lemma matched_height:
  "matched c d \<Longrightarrow> c \<le> d + 1 \<Longrightarrow> 1 \<le> c \<Longrightarrow>
    height g d = height g (c - 1) \<and> (\<forall>m\<in>{c - 1..d}. height g (c - 1) \<le> height g m)"
proof (induction "d + 1 - c" arbitrary: c d rule: less_induct)
  case less
  show ?case
  proof (cases "c = d + 1")
    case True
    then show ?thesis by auto
  next
    case False
    then have "c \<in> {c..d}" using less.prems by auto
    then obtain y where y: "y \<in> {c..d}" "y \<noteq> c" "{c, y} \<in> P"
      using less.prems(1) unfolding matched_def by blast
    have "c < y" using y by auto
    have up: "height g c = height g (c - 1) + 1"
      using height_pred[of c g] block_letters[OF y(3) \<open>c < y\<close>] less.prems(3) by simp
    have down: "height g y = height g (y - 1) - 1"
      using height_pred[of y g] block_letters[OF y(3) \<open>c < y\<close>] \<open>c < y\<close> by simp
    have inner: "height g (y - 1) = height g c" "\<forall>m\<in>{c..y - 1}. height g c \<le> height g m"
      using less.hyps[where c = "c + 1" and d = "y - 1"] matched_interior[OF y(3) \<open>c < y\<close>] \<open>c < y\<close> y(1)
      by auto
    have tail: "height g d = height g y" "\<forall>m\<in>{y..d}. height g y \<le> height g m"
      using less.hyps[where c = "y + 1" and d = d] matched_after_block[OF less.prems(1) y(3) \<open>c < y\<close>]
        \<open>c < y\<close> y(1) less.prems(3) by auto
    have "height g y = height g (c - 1)" using up down inner(1) by simp
    moreover have "height g (c - 1) \<le> height g m" if m: "m \<in> {c - 1..d}" for m
    proof -
      consider "m = c - 1" | "m \<in> {c..y - 1}" | "m \<in> {y..d}" using m by fastforce
      then show ?thesis using inner(2) tail(2) up \<open>height g y = height g (c - 1)\<close> by cases force+
    qed
    ultimately show ?thesis using tail(1) by simp
  qed
qed

lemma block_arc:
  assumes "{a, b} \<in> P" "a < b"
  shows "arc g a b"
proof -
  have "a \<in> free N L R" using block_free[OF assms] assms(2) by auto
  then have "1 \<le> a" unfolding free_def by auto
  then have up: "height g a = height g (a - 1) + 1"
    using height_pred[of a g] block_letters[OF assms] by simp
  have down: "height g b = height g (b - 1) - 1"
    using height_pred[of b g] block_letters[OF assms] assms(2) by simp
  have inner: "height g (b - 1) = height g a" "\<forall>m\<in>{a..b - 1}. height g a \<le> height g m"
    using matched_height[OF matched_interior[OF assms]] assms(2) by auto
  show ?thesis unfolding arc_def using assms(2) up down inner by force
qed

lemma free_opener:
  assumes "x \<in> free N L R" "g x = 0"
  obtains z where "x < z" "{x, z} \<in> P"
proof -
  obtain z where z: "z \<noteq> x" "{x, z} \<in> P" by (rule free_partner[OF assms(1)])
  have "\<not> z < x" using block_letters[of z x] z assms(2) by (auto simp: insert_commute)
  then show thesis using that[of z] z by auto
qed

lemma free_closer:
  assumes "x \<in> free N L R" "g x = 1"
  obtains z where "z < x" "{z, x} \<in> P"
proof -
  obtain z where z: "z \<noteq> x" "{x, z} \<in> P" by (rule free_partner[OF assms(1)])
  have "\<not> x < z" using block_letters[of x z] z assms(2) by auto
  then show thesis using that[of z] z by (auto simp: insert_commute)
qed

lemma left_points_eq: "L = {k\<in>{1..N} - \<Union>P. g k = 1}"
proof
  show "L \<subseteq> {k\<in>{1..N} - \<Union>P. g k = 1}"
    using L_subset letter_left block_subset_free unfolding free_def by blast
  show "{k\<in>{1..N} - \<Union>P. g k = 1} \<subseteq> L"
  proof
    fix k assume k: "k \<in> {k\<in>{1..N} - \<Union>P. g k = 1}"
    then have "k \<notin> free N L R" using free_in_block by blast
    then show "k \<in> L" using k letter_right unfolding free_def by force
  qed
qed

lemma right_points_eq: "R = {k\<in>{1..N} - \<Union>P. g k = 0}"
proof
  show "R \<subseteq> {k\<in>{1..N} - \<Union>P. g k = 0}"
    using R_subset letter_right block_subset_free unfolding free_def by blast
  show "{k\<in>{1..N} - \<Union>P. g k = 0} \<subseteq> R"
  proof
    fix k assume k: "k \<in> {k\<in>{1..N} - \<Union>P. g k = 0}"
    then have "k \<notin> free N L R" using free_in_block by blast
    then show "k \<in> R" using k letter_left unfolding free_def by force
  qed
qed

end

lemma ext_patternI:
  assumes "(L, R, P) \<in> ext_link_patterns N"
  shows "ext_pattern N L R P (\<lambda>k. word N (L, R, P) ! (k - 1))"
  using assms nth_word by unfold_locales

• • • •

Activity. Restate word for word only the lines above from the line containing "free_def by auto" to the line containing "using height_pred[of b", both of them included.

Output below.
  then have "1 \<le> a" unfolding free_def by auto
  then have up: "height g a = height g (a - 1) + 1"
    using height_pred[of a g] block_letters[OF assms] by simp
  have down: "height g b = height g (b - 1) - 1"
    using height_pred[of b g] block_letters[OF assms] assms(2) by simp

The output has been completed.